▸ **Records contained in a dataset**
- - - -

(* Let $K_6=(V,E)$ be the complete graph on 6 nodes and $P_{\mathrm{TSP}}(6)=\operatorname{conv}\{\chi(T): T\text{ a Hamiltonian cycle in }K_6\}$, with circuits taken with respect to a minimal linear description of $P_{\mathrm{TSP}}(6)$ (every inequality facet-defining). Then $\mathcal{CD}(P_{\mathrm{TSP}}(6))=1$.
   Context: $\chi(T)\in\{0,1\}^E$ is the characteristic vector of $T$. Circuits: for a polytope $P=\{\bm{x}: A\bm{x}=\bm{b},\ B\bm{x}\le \bm{d}\}$ given by a fixed linear system, a nonzero vector $\bm{g}$ is a circuit of $P$ if $A\bm{g}=\bm{0}$ and $\operatorname{supp}(B\bm{g})$ is inclusion-minimal among the sets $\operatorname{supp}(B\bm{y})$ with $A\bm{y}=\bm{0}$, $\bm{y}\neq\bm{0}$. A point $\bm{x}''\in P$ is one circuit step from $\bm{x}'\in P$ if $\bm{x}''=\bm{x}'+\alpha\bm{c}$ for a circuit $\bm{c}$ and $\alpha>0$ maximal such that $\bm{x}'+\alpha\bm{c}\in P$. A circuit walk of length $l$ is a sequence $\bm{z}^0,\dots,\bm{z}^l$ in $P$ with each $\bm{z}^i$ one circuit step from $\bm{z}^{i-1}$; the circuit distance is the length of a shortest circuit walk from one point to another, and $\mathcal{CD}(P)$ is the maximum circuit distance over ordered pairs of vertices of $P$. *)

theory Defs
  imports "HOL-Analysis.Analysis"
begin

typedef edge6 = "{e :: nat set. \<exists>i j. i < 6 \<and> j < 6 \<and> i \<noteq> j \<and> e = {i, j}}"
  by (rule exI[of _ "{0, 1}"]) (simp, rule exI[of _ 0], simp, rule exI[of _ 1], simp)

instance edge6 :: finite
proof
  have "{e :: nat set. \<exists>i j. i < 6 \<and> j < 6 \<and> i \<noteq> j \<and> e = {i, j}}
        \<subseteq> (\<lambda>(i, j). {i, j}) ` ({..<6} \<times> {..<6})"
    by auto
  hence "finite {e :: nat set. \<exists>i j. i < 6 \<and> j < 6 \<and> i \<noteq> j \<and> e = {i, j}}"
    by (rule finite_subset) auto
  hence "finite (Rep_edge6 -` {e :: nat set. \<exists>i j. i < 6 \<and> j < 6 \<and> i \<noteq> j \<and> e = {i, j}})"
    by (rule finite_vimageI) (simp add: Rep_edge6_inject inj_on_def)
  thus "finite (UNIV :: edge6 set)"
    using Rep_edge6 by (metis (no_types, lifting) UNIV_eq_I vimageI2)
qed

definition ham_cycle6 :: "edge6 set \<Rightarrow> bool" where
  "ham_cycle6 T \<longleftrightarrow> (\<exists>vs :: nat list. length vs = 6 \<and> distinct vs \<and> set vs = {..<6} \<and>
      T = {e. \<exists>k<6. Rep_edge6 e = {vs ! k, vs ! ((k + 1) mod 6)}})"

definition chi :: "edge6 set \<Rightarrow> real ^ edge6" where
  "chi T = (\<chi> e. if e \<in> T then 1 else 0)"

definition P_TSP6 :: "(real ^ edge6) set" where
  "P_TSP6 = convex hull (chi ` {T. ham_cycle6 T})"

definition lin_sys_set ::
  "('a::euclidean_space \<times> real) list \<Rightarrow> ('a \<times> real) list \<Rightarrow> 'a set" where
  "lin_sys_set eqs ineqs =
     {x. (\<forall>(a, \<beta>) \<in> set eqs. a \<bullet> x = \<beta>) \<and> (\<forall>(c, \<delta>) \<in> set ineqs. c \<bullet> x \<le> \<delta>)}"

definition minimal_description ::
  "'a::euclidean_space set \<Rightarrow> ('a \<times> real) list \<Rightarrow> ('a \<times> real) list \<Rightarrow> bool" where
  "minimal_description P eqs ineqs \<longleftrightarrow>
     P = lin_sys_set eqs ineqs \<and>
     (\<forall>(c, \<delta>) \<in> set ineqs. {x \<in> P. c \<bullet> x = \<delta>} facet_of P)"

definition ineq_supp :: "('a::euclidean_space \<times> real) list \<Rightarrow> 'a \<Rightarrow> nat set" where
  "ineq_supp ineqs g = {i. i < length ineqs \<and> fst (ineqs ! i) \<bullet> g \<noteq> 0}"

definition in_kernel :: "('a::euclidean_space \<times> real) list \<Rightarrow> 'a \<Rightarrow> bool" where
  "in_kernel eqs g \<longleftrightarrow> (\<forall>(a, \<beta>) \<in> set eqs. a \<bullet> g = 0)"

definition is_circuit ::
  "('a::euclidean_space \<times> real) list \<Rightarrow> ('a \<times> real) list \<Rightarrow> 'a \<Rightarrow> bool" where
  "is_circuit eqs ineqs g \<longleftrightarrow>
     g \<noteq> 0 \<and> in_kernel eqs g \<and>
     \<not> (\<exists>y. y \<noteq> 0 \<and> in_kernel eqs y \<and> ineq_supp ineqs y \<subset> ineq_supp ineqs g)"

definition circuit_step ::
  "('a::euclidean_space \<times> real) list \<Rightarrow> ('a \<times> real) list \<Rightarrow> 'a \<Rightarrow> 'a \<Rightarrow> bool" where
  "circuit_step eqs ineqs x' x'' \<longleftrightarrow>
     (let P = lin_sys_set eqs ineqs in
      x' \<in> P \<and> x'' \<in> P \<and>
      (\<exists>c \<alpha>. is_circuit eqs ineqs c \<and> \<alpha> > 0 \<and> x'' = x' + \<alpha> *\<^sub>R c \<and>
             (\<forall>\<beta>>\<alpha>. x' + \<beta> *\<^sub>R c \<notin> P)))"

definition circuit_walk ::
  "('a::euclidean_space \<times> real) list \<Rightarrow> ('a \<times> real) list \<Rightarrow> 'a \<Rightarrow> 'a \<Rightarrow> nat \<Rightarrow> bool" where
  "circuit_walk eqs ineqs u v l \<longleftrightarrow>
     (\<exists>z :: nat \<Rightarrow> 'a. z 0 = u \<and> z l = v \<and>
        (\<forall>i\<le>l. z i \<in> lin_sys_set eqs ineqs) \<and>
        (\<forall>i<l. circuit_step eqs ineqs (z i) (z (Suc i))))"

definition circuit_distance ::
  "('a::euclidean_space \<times> real) list \<Rightarrow> ('a \<times> real) list \<Rightarrow> 'a \<Rightarrow> 'a \<Rightarrow> nat" where
  "circuit_distance eqs ineqs u v = (LEAST l. circuit_walk eqs ineqs u v l)"

definition circuit_diameter ::
  "('a::euclidean_space \<times> real) list \<Rightarrow> ('a \<times> real) list \<Rightarrow> nat" where
  "circuit_diameter eqs ineqs =
     (let P = lin_sys_set eqs ineqs in
      Max {circuit_distance eqs ineqs u v | u v. u extreme_point_of P \<and> v extreme_point_of P})"

end

(*
  The degree equations cut out the 9-dimensional affine hull of P_TSP6, and for a minimal
  description every direction in the kernel of the equation system respects them. Each facet of
  P_TSP6 appears, modulo the degree equations, as an inequality of the system: the centroid of its
  vertices is tight for some row, and that row is then tight on the whole facet. Consequently, if
  eight facets vanish on g = chi T2 - chi T1 and their normals cut the degree kernel down to the
  line through g, any direction with smaller inequality support is annihilated by the same eight
  normals, hence is a multiple of g: so g is a circuit and the two vertices are one circuit step
  apart. Up to relabelling the nodes, a pair of distinct Hamiltonian cycles of K6 is one of eleven
  representatives; for each, the eight facets (relabelled nonnegativity, subtour and comb
  inequalities) come with exact integer certificates that are checked by evaluation.
*)

theory Submission
  imports Defs "HOL-Combinatorics.Multiset_Permutations"
begin

section \<open>Circuit walks between vertices\<close>

lemma lin_sys_set_move_inward:
  fixes p w :: "'a::euclidean_space"
  assumes p: "p \<in> lin_sys_set eqs ineqs" and w: "in_kernel eqs w"
    and strict: "\<forall>(c, \<delta>)\<in>set ineqs. c \<bullet> p < \<delta>"
  obtains \<epsilon> where "\<epsilon> > 0" "p + \<epsilon> *\<^sub>R w \<in> lin_sys_set eqs ineqs"
proof -
  define S where "S = insert 1 ((\<lambda>(c, \<delta>). (\<delta> - c \<bullet> p) / (\<bar>c \<bullet> w\<bar> + 1)) ` set ineqs)"
  define \<epsilon> where "\<epsilon> = Min S"
  have fS: "finite S" "S \<noteq> {}" unfolding S_def by auto
  have "\<forall>s\<in>S. s > 0" unfolding S_def using strict by (auto intro!: divide_pos_pos)
  hence \<epsilon>_pos: "\<epsilon> > 0" unfolding \<epsilon>_def using fS by simp
  have "c \<bullet> (p + \<epsilon> *\<^sub>R w) \<le> \<delta>" if cd: "(c, \<delta>) \<in> set ineqs" for c \<delta>
  proof -
    have "\<epsilon> \<le> (\<delta> - c \<bullet> p) / (\<bar>c \<bullet> w\<bar> + 1)"
      unfolding \<epsilon>_def using fS cd by (intro Min_le) (auto simp: S_def)
    hence "\<epsilon> * \<bar>c \<bullet> w\<bar> + \<epsilon> \<le> \<delta> - c \<bullet> p"
      by (simp add: le_divide_eq add_pos_nonneg algebra_simps)
    moreover have "\<epsilon> * (c \<bullet> w) \<le> \<epsilon> * \<bar>c \<bullet> w\<bar>" using \<epsilon>_pos by (intro mult_left_mono) auto
    ultimately have "c \<bullet> p + \<epsilon> * (c \<bullet> w) \<le> \<delta>" using \<epsilon>_pos by linarith
    thus ?thesis by (simp add: inner_add_right)
  qed
  moreover have "a \<bullet> (p + \<epsilon> *\<^sub>R w) = \<beta>" if "(a, \<beta>) \<in> set eqs" for a \<beta>
  proof -
    have "a \<bullet> p = \<beta>" "a \<bullet> w = 0" using p w that unfolding lin_sys_set_def in_kernel_def by auto
    thus ?thesis by (simp add: inner_add_right)
  qed
  ultimately have "p + \<epsilon> *\<^sub>R w \<in> lin_sys_set eqs ineqs" unfolding lin_sys_set_def by auto
  with \<epsilon>_pos show thesis by (rule that)
qed
lemma Pv_on_exchange_edge:
  fixes W :: "'n set" and i j :: 'n
  defines "W' \<equiv> insert j (W - {i})"
  assumes W: "card W = k" and i: "i \<in> W" and j: "j \<notin> W" and s: "0 \<le> s" "s \<le> 1"
    and v: "v \<in> vertices (Pkn k)" "v \<noteq> ind_vec W"
  shows "Pv t v (ind_vec W + s *\<^sub>R (ind_vec W' - ind_vec W)) = (if v = ind_vec W' then s else 0)"
proof (cases "v = ind_vec W'")
  case False
  then show ?thesis
    using Pv_eq_0_off_exchange_edge[OF W i j s v] by (simp add: W'_def)
next
  case True
  let ?x = "ind_vec W + s *\<^sub>R (ind_vec W' - ind_vec W)"
  have x_in: "?x \<in> Pkn k"
    unfolding W'_def using W i j s by (rule exchange_edge_in_Pkn)
  have "s = ?x $ j"
    using j by (simp add: W'_def)
  also have "\<dots> = (\<Sum>u\<in>vertices (Pkn k). Pv t u ?x *\<^sub>R u) $ j"
    unfolding Pv_representation[OF x_in] ..
  also have "\<dots> = (\<Sum>u\<in>vertices (Pkn k). Pv t u ?x * u $ j)"
    by (simp add: sum_component)
  also have "\<dots> = (\<Sum>u\<in>{ind_vec W'}. Pv t u ?x * u $ j)"
  proof (rule sum.mono_neutral_right[OF finite_vertices_Pkn])
    show "{ind_vec W'} \<subseteq> vertices (Pkn k)"
      using v True by simp
    show "\<forall>u\<in>vertices (Pkn k) - {ind_vec W'}. Pv t u ?x * u $ j = 0"
    proof
      fix u assume "u \<in> vertices (Pkn k) - {ind_vec W'}"
      then show "Pv t u ?x * u $ j = 0"
        using Pv_eq_0_off_exchange_edge[OF W i j s] j
        by (cases "u = ind_vec W") (auto simp: W'_def)
    qed
  qed
  also have "\<dots> = Pv t v ?x"
    using True by (simp add: W'_def)
  finally show ?thesis
    using True by simp
qed

end

locale differentiable_Pkn_factory = Pkn_factory k t
  for k and t :: "('n::finite, real ^ 'n) bf_tree" +
  assumes differentiable: "differentiable_factory (Pkn k) t"
begin

definition dPvT :: "real ^ 'n \<Rightarrow> 'n set \<Rightarrow> nat \<Rightarrow> real ^ 'n \<Rightarrow> real" where
  "dPvT v W T = frechet_derivative (\<lambda>x. PvT t v x T) (at (ind_vec W))"

lemma has_derivative_dPvT: "((\<lambda>x. PvT t v x T) has_derivative dPvT v W T) (at (ind_vec W))"
  unfolding dPvT_def by (rule PvT_differentiable[unfolded frechet_derivative_works])

lemma linear_dPvT: "linear (dPvT v W T)"
  using has_derivative_dPvT by (rule has_derivative_linear)

lemma dPvT_nonneg_if_feasible:
  assumes W: "card W = k" and v: "v \<in> vertices (Pkn k)" "v \<noteq> ind_vec W"
    and feasible: "\<And>s. 0 < s \<Longrightarrow> s < 1 \<Longrightarrow> ind_vec W + s *\<^sub>R u \<in> unit_cube"
  shows "0 \<le> dPvT v W T u"
proof (rule has_derivative_nonneg_at_one_sided_min[OF has_derivative_dPvT zero_less_one])
  fix s :: real assume "0 < s" "s < 1"
  then show "PvT t v (ind_vec W) T \<le> PvT t v (ind_vec W + s *\<^sub>R u) T"
    using PvT_eq_0_at_other_vertex[OF W v] PvT_nonneg[OF factory feasible] by simp
qed

lemma dPvT_exchange_eq:
  assumes "i \<in> W" and "j \<notin> W"
  shows "dPvT v W T (ind_vec (insert j (W - {i})) - ind_vec W)
           = dPvT v W T (axis j 1) + dPvT v W T (- axis i 1)"
  using assms linear_add[OF linear_dPvT, of v W T "axis j 1" "- axis i 1"]
  by (simp add: ind_vec_exchange_diff)
text \<open>If Dominator does not answer Staller's claim of m e0 by taking the leaf x, Staller takes x.\<close>
lemma staller_wins_at_unanswered_leaf:
  assumes pos: "staller_position X' S Dm" and x: "x \<in> X'" and e0: "e0 \<in> F" "x \<in> e0" "e0 \<subseteq> X'"
    and leaf: "\<And>e. e \<in> F \<Longrightarrow> x \<in> e \<Longrightarrow> e \<subseteq> X' \<Longrightarrow> e = e0"
    and x_free: "x \<in> V - insert (m e0) S - Dm'"
    and fuel: "card (V - insert (m e0) S - Dm') \<le> j"
  shows "sw V E D True j (insert (m e0) S) Dm'"
proof -
  have "staller_goal V E D (insert x (insert (m e0) S))"
    using staller_goal_at_leaf[OF pos x, of "insert (m e0) S"] leaf by blast
  moreover obtain i where "j = Suc i"
    using fuel_Suc_if_free[OF simple_graph_finite[OF simple] x_free fuel] by blast
  ultimately show ?thesis using sw_Suc_if_move_wins[OF x_free] by blast
qed

lemma staller_position_wins:
  "staller_position X' S Dm \<Longrightarrow> card (V - S - Dm) \<le> n \<Longrightarrow> sw V E D True n S Dm"
proof (induction n arbitrary: X' S Dm rule: less_induct)
  case (less n)
  note pos = less.prems(1)
  have fin: "finite V" using simple_graph_finite[OF simple] .
  obtain x where x: "x \<in> X'"
    and leaf: "\<And>e e'. e \<in> F \<Longrightarrow> e' \<in> F \<Longrightarrow> x \<in> e \<Longrightarrow> x \<in> e' \<Longrightarrow> e \<subseteq> X' \<Longrightarrow> e' \<subseteq> X' \<Longrightarrow> e = e'"
    using staller_position_leaf[OF pos] by blast
  have x_free: "x \<in> V - S - Dm" using staller_position_free(2)[OF pos x] .
  then obtain k where k: "n = Suc k" using fuel_Suc_if_free[OF fin] less.prems(2) by blast
  show ?case
  proof (cases "\<exists>e0\<in>F. x \<in> e0 \<and> e0 \<subseteq> X'")
    case False
    then have "staller_goal V E D (insert x S)"
      by (intro staller_goal_at_leaf[OF pos x subset_refl]) blast
    then show ?thesis using sw_Suc_if_move_wins[OF x_free] k by blast
  next
    case True
    then obtain e0 where e0: "e0 \<in> F" "x \<in> e0" "e0 \<subseteq> X'" by blast
    let ?S = "insert (m e0) S"
    have me0_free: "m e0 \<in> V - S - Dm" "m e0 \<noteq> x"
      using staller_position_free(1)[OF pos] staller_position_free(3)[OF pos e0(1,3)] x by auto
    then have x_free': "x \<in> V - ?S - Dm" using x_free by blast
    have "card (V - ?S - Dm) \<le> k"
      using card_free_after_claim(1)[OF fin me0_free(1), of k] less.prems(2) k by simp
    then obtain j where j: "k = Suc j" "card (V - ?S - Dm) \<le> Suc j"
      using fuel_Suc_if_free[OF fin x_free'] by blast
    have "sw V E D True j ?S (insert u Dm)" if u: "u \<in> V - ?S - Dm" for u
    proof (cases "u = x")
      case True
      have "staller_position (X' - {x}) ?S (insert x Dm)"
        by (rule staller_position_remove_leaf[OF pos x e0]) (use leaf e0 in blast)
      moreover have "card (V - ?S - insert x Dm) \<le> j"
        using card_free_after_claim(2)[OF fin u j(2)] True by simp
      moreover have "j < n" using k j(1) by simp
      ultimately show ?thesis using less.IH True by blast
    next
      case False
      then have "x \<in> V - ?S - insert u Dm" using x_free' by blast
      then show ?thesis
        using staller_wins_at_unanswered_leaf[OF pos x e0 leaf[OF _ e0(1) _ e0(2) _ e0(3)]]
          card_free_after_claim(2)[OF fin u j(2)] by blast
    qed
    then have "sw V E D False k ?S Dm" using j x_free' by auto
    then show ?thesis using k me0_free(1) by auto
  qed
qed
(* For every integer $d\ge3$, the family of sets $(\mathsf U_{d,s})_{s\ge1}$ is not increasing with respect to inclusion: there exist integers $1\le s<t$ such that $\mathsf U_{d,s}\not\subseteq\mathsf U_{d,t}$.
   Context: For $U\in\mathcal U(ds)$ (unitary $ds\times ds$ matrices) viewed as a $d\times d$ block matrix with blocks $U_{ij}\in M_s(\mathbb C)$, $\phi_{d,s}(U)=\big(\tfrac1s\|U_{ij}\|_F^2\big)_{i,j=1}^d$ with $\|X\|_F=\operatorname{Tr}(XX^* )^{1/2}$, and $\mathsf U_{d,s}:=\phi_{d,s}(\mathcal U(ds))$. *)

theory Defs
  imports "Jordan_Normal_Form.Matrix" "HOL.Complex"
begin

definition mat_adj :: "complex mat \<Rightarrow> complex mat" where
  "mat_adj U = mat (dim_col U) (dim_row U) (\<lambda>(i,j). cnj (U $$ (j,i)))"

definition unitary_mats :: "nat \<Rightarrow> complex mat set" where
  "unitary_mats n = {U. U \<in> carrier_mat n n \<and> U * mat_adj U = 1\<^sub>m n \<and> mat_adj U * U = 1\<^sub>m n}"

definition block :: "nat \<Rightarrow> complex mat \<Rightarrow> nat \<Rightarrow> nat \<Rightarrow> complex mat" where
  "block s U i j = mat s s (\<lambda>(a,b). U $$ (i*s + a, j*s + b))"

definition frob_sq :: "complex mat \<Rightarrow> real" where
  "frob_sq X = Re (\<Sum>i<dim_row X. (X * mat_adj X) $$ (i,i))"

definition phi :: "nat \<Rightarrow> nat \<Rightarrow> complex mat \<Rightarrow> real mat" where
  "phi d s U = mat d d (\<lambda>(i,j). frob_sq (block s U i j) / real s)"

definition Uds :: "nat \<Rightarrow> nat \<Rightarrow> real mat set" where
  "Uds d s = phi d s ` unitary_mats (d*s)"

end

theory Submission
  imports Defs "Jordan_Normal_Form.Schur_Decomposition"
begin
theorem lemma11:
  fixes f :: "real^'n \<Rightarrow> 'm::metric_semigroup"
    and a b x y x' :: "real^'n"
    and lam mu :: "'n \<Rightarrow> nat"
  assumes ab: "\<forall>i. a $ i < b $ i"
    and x: "x \<in> cbox a b" and y: "y \<in> cbox a b"
    and xy: "\<forall>i. x $ i < y $ i"
    and x': "x' \<in> cbox x y"
    and lam_def: "lam = (\<lambda>i. if x $ i = x' $ i then 1 else 0)"
    and mu_def: "mu = (\<lambda>i. if x' $ i = y $ i then 0 else 1)"
  shows "lam \<le> mu
    \<and> cbox x y = (\<Union>\<alpha>\<in>{\<alpha>. lam \<le> \<alpha> \<and> \<alpha> \<le> mu}.
          cbox (x + mi_mult \<alpha> (x' - x)) (x' + mi_mult \<alpha> (y - x')))
    \<and> (\<forall>\<alpha>\<in>{\<alpha>. lam \<le> \<alpha> \<and> \<alpha> \<le> mu}. \<forall>i.
          (x + mi_mult \<alpha> (x' - x)) $ i < (x' + mi_mult \<alpha> (y - x')) $ i)
    \<and> (\<forall>\<alpha>\<in>{\<alpha>. lam \<le> \<alpha> \<and> \<alpha> \<le> mu}. \<forall>\<beta>\<in>{\<alpha>. lam \<le> \<alpha> \<and> \<alpha> \<le> mu}. \<alpha> \<noteq> \<beta> \<longrightarrow>
          interior (cbox (x + mi_mult \<alpha> (x' - x)) (x' + mi_mult \<alpha> (y - x')))
          \<inter> interior (cbox (x + mi_mult \<beta> (x' - x)) (x' + mi_mult \<beta> (y - x'))) = {})
    \<and> md f x y \<le> (\<Sum>\<alpha>\<in>{\<alpha>. lam \<le> \<alpha> \<and> \<alpha> \<le> mu}.
          md f (x + mi_mult \<alpha> (x' - x)) (x' + mi_mult \<alpha> (y - x')))"
proof -
  have x_ne_y: "\<forall>i. x $ i \<noteq> y $ i" using xy by (simp add: less_imp_neq)
  have lam_mu: "lam = split_min x x'" "mu = split_max x' y"
    by (simp_all add: lam_def mu_def split_min_def split_max_def)
  show ?thesis
    unfolding lam_mu split_indices_def[symmetric] vertex_def[symmetric]
  proof (intro conjI ballI allI impI)
    show "split_min x x' \<le> split_max x' y" by (rule split_min_le_max[OF x_ne_y])
    show "cbox x y = (\<Union>\<alpha>\<in>split_indices x x' y. cbox (vertex x x' \<alpha>) (vertex x' y \<alpha>))"
      by (rule subbox_cover[OF xy x'])
    show "vertex x x' \<alpha> $ i < vertex x' y \<alpha> $ i" if "\<alpha> \<in> split_indices x x' y" for \<alpha> i
      by (rule subbox_nondegenerate[OF x' that])
    show "interior (cbox (vertex x x' \<alpha>) (vertex x' y \<alpha>))
        \<inter> interior (cbox (vertex x x' \<beta>) (vertex x' y \<beta>)) = {}"
      if "\<alpha> \<in> split_indices x x' y" "\<beta> \<in> split_indices x x' y" "\<alpha> \<noteq> \<beta>" for \<alpha> \<beta>
      using subbox_interiors_disjoint[OF x' split_indices_zero_one[OF that(1)]
          split_indices_zero_one[OF that(2)] that(3)] .
    show "md f x y \<le> (\<Sum>\<alpha>\<in>split_indices x x' y. md f (vertex x x' \<alpha>) (vertex x' y \<alpha>))"
      by (rule md_le_sum_of_vertex_balance[OF finite_split_indices
            split_indices_nonempty[OF x_ne_y] subdivision_vertex_balance[OF x_ne_y]])
  qed
qed

end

- - - -

▸ **Task**
For this exercise, please output exactly the lines above starting at the line with "using staller_position_free(1)[OF pos]" and ending at the line with "(* For every", ends included.

▸ **Task output**
      using staller_position_free(1)[OF pos] staller_position_free(3)[OF pos e0(1,3)] x by auto
    then have x_free': "x \<in> V - ?S - Dm" using x_free by blast
    have "card (V - ?S - Dm) \<le> k"
      using card_free_after_claim(1)[OF fin me0_free(1), of k] less.prems(2) k by simp
    then obtain j where j: "k = Suc j" "card (V - ?S - Dm) \<le> Suc j"
      using fuel_Suc_if_free[OF fin x_free'] by blast
    have "sw V E D True j ?S (insert u Dm)" if u: "u \<in> V - ?S - Dm" for u
    proof (cases "u = x")
      case True
      have "staller_position (X' - {x}) ?S (insert x Dm)"
        by (rule staller_position_remove_leaf[OF pos x e0]) (use leaf e0 in blast)
      moreover have "card (V - ?S - insert x Dm) \<le> j"
        using card_free_after_claim(2)[OF fin u j(2)] True by simp
      moreover have "j < n" using k j(1) by simp
      ultimately show ?thesis using less.IH True by blast
    next
      case False
      then have "x \<in> V - ?S - insert u Dm" using x_free' by blast
      then show ?thesis
        using staller_wins_at_unanswered_leaf[OF pos x e0 leaf[OF _ e0(1) _ e0(2) _ e0(3)]]
          card_free_after_claim(2)[OF fin u j(2)] by blast
    qed
    then have "sw V E D False k ?S Dm" using j x_free' by auto
    then show ?thesis using k me0_free(1) by auto
  qed
qed
(* For every integer $d\ge3$, the family of sets $(\mathsf U_{d,s})_{s\ge1}$ is not increasing with respect to inclusion: there exist integers $1\le s<t$ such that $\mathsf U_{d,s}\not\subseteq\mathsf U_{d,t}$.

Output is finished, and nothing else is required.